Search code examples
asp.netregexiisurl-rewritingurl-rewrite-module

Regex negative lookahead true then ignore rest of regex


I'm using the following IIS Rewrite Rule to block as many bots as possible.

<rule name="BotBlock" stopProcessing="true">
  <match url=".*" />
  <conditions>
    <add input="{HTTP_USER_AGENT}" pattern="^$|\b(?!.*googlebot.*\b)\w*(?:bot|crawl|spider)\w*" />
  </conditions>
  <action type="CustomResponse" statusCode="403" statusReason="Forbidden" statusDescription="Forbidden" />
</rule>

The goal is to block all user agents with the parts bot, crawl or spider in it, but allow the Google Bot. This works to an extend.

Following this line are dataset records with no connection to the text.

text \<open>The two moves amount to deleting the shared vertex and then one or the other vertex of
  the bigon it leaves behind.\<close>

lemma r2_result_shared_vertex_iso:
  assumes s1: "r2_site G a1 a2 b1 b2" and s2: "r2_site G c1 c2 d1 d2"
    and shared: "fg_vx G c1 = fg_vx G b1" and distinct: "fg_vx G d1 \<noteq> fg_vx G a1"
  shows "fg_iso (r2_result G (r2_del G a1 a2 b1 b2)) (r2_result G (r2_del G c1 c2 d1 d2))"
proof -
  interpret fgraph_wf G by (rule fgraph_wf.intro[OF r2_site_wf[OF s1]])
  define Dv where "Dv = {h \<in> H. fg_vx G h = fg_vx G b1}"
  interpret V: vertex_deletion G Dv by unfold_locales (auto simp: Dv_def)
  interpret B: bigon "r2_result G Dv" a1 a2 "ed (opp b1)" "ed (opp b2)"
    using bigon_after_shared_vertex(1)[OF assms] unfolding Dv_def .
  have vx_e: "fg_vx G (ed (opp b1)) = fg_vx G d1" by (rule bigon_after_shared_vertex(2)[OF assms])
  have vx: "fg_vx G a1 \<noteq> fg_vx G b1" "fg_vx G d1 \<noteq> fg_vx G b1"
    using s1 s2 shared unfolding r2_site_def by auto
  have Va: "B.Va = {h\<in>H. fg_vx G h = fg_vx G a1}"
    unfolding B.Va_def V.r2_result_hes V.r2_result_vx using vx by (auto simp: Dv_def)
  have Vc: "B.Vc = {h\<in>H. fg_vx G h = fg_vx G d1}"
    unfolding B.swapped.Va_def V.r2_result_hes V.r2_result_vx vx_e using vx by (auto simp: Dv_def)
  interpret X: disjoint_deletions G Dv B.Va
    by (unfold_locales; (unfold Va)?; auto simp: Dv_def vx(1))
  interpret Y: disjoint_deletions G Dv B.Vc
    by (unfold_locales; (unfold Vc)?; auto simp: Dv_def vx(2))
  have "r2_del G a1 a2 b1 b2 = Dv \<union> B.Va" unfolding r2_del_eq[OF s1] Va unfolding Dv_def by auto
  moreover have "r2_del G c1 c2 d1 d2 = Dv \<union> B.Vc"
    unfolding r2_del_eq[OF s2] Vc unfolding Dv_def using shared by auto
  moreover have "fg_iso (r2_result G (Dv \<union> B.Va)) (r2_result (r2_result G Dv) B.Va)"
    using fg_iso_sym[OF X.r2_result_r2_result_iso B.del_a.r2_result_wf X.Both.r2_result_wf] .
  ultimately show ?thesis
    using fg_iso_trans[OF _ B.r2_result_Va_iso] Y.r2_result_r2_result_iso fg_iso_trans by metis
qed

But the problem is that the second part of the regex is also triggered, even if "googlebot" is found in the string.

Below some examples what mean:

 Googlebot/2.1 (+http://www.google.com)

Works fine, the 'bot' part in googlebot is ignored and the request is permitted.

 Googlebot/2.1 (+http://www.google.com/bot.html)

Does not work, still triggers on the second 'bot' in the string and the request is blocked

 KHTML, like Gecko; compatible; bingbot

Works fine, is triggered on the bot in bingbot and the request is blocked

So can someone help me to change the rexeg so the string with Googlebot/2.1 (+http://www.google.com/bot.html) is allowed?


Solution

  • I'm not familiar with IIS's exact regex flavor (presumably .NET) but this should work if you can enable case-insensitive regex'ing:

    ^(?!.*googlebot).*(?:bot|crawl|spider)
    

    Explanation:

    • ^ - start line anchor
    • (?!.*googlebot) - ahead of me, the word "googlebot" does not exist
    • .*(?:bot|crawl|spider) - capture everything leading up to a positive match of the word "bot", "crawl", or "spider"

    The combination of negative look-ahead and positive forward capturing produces an implicit and condition in regex; both must be true in order for the regex to register a match.

    https://regex101.com/r/ri6Qs7/1


    To note: I am not sure why your regex starts with ^$| unless you are purposely looking to provide a 403 to requests with an empty user agent.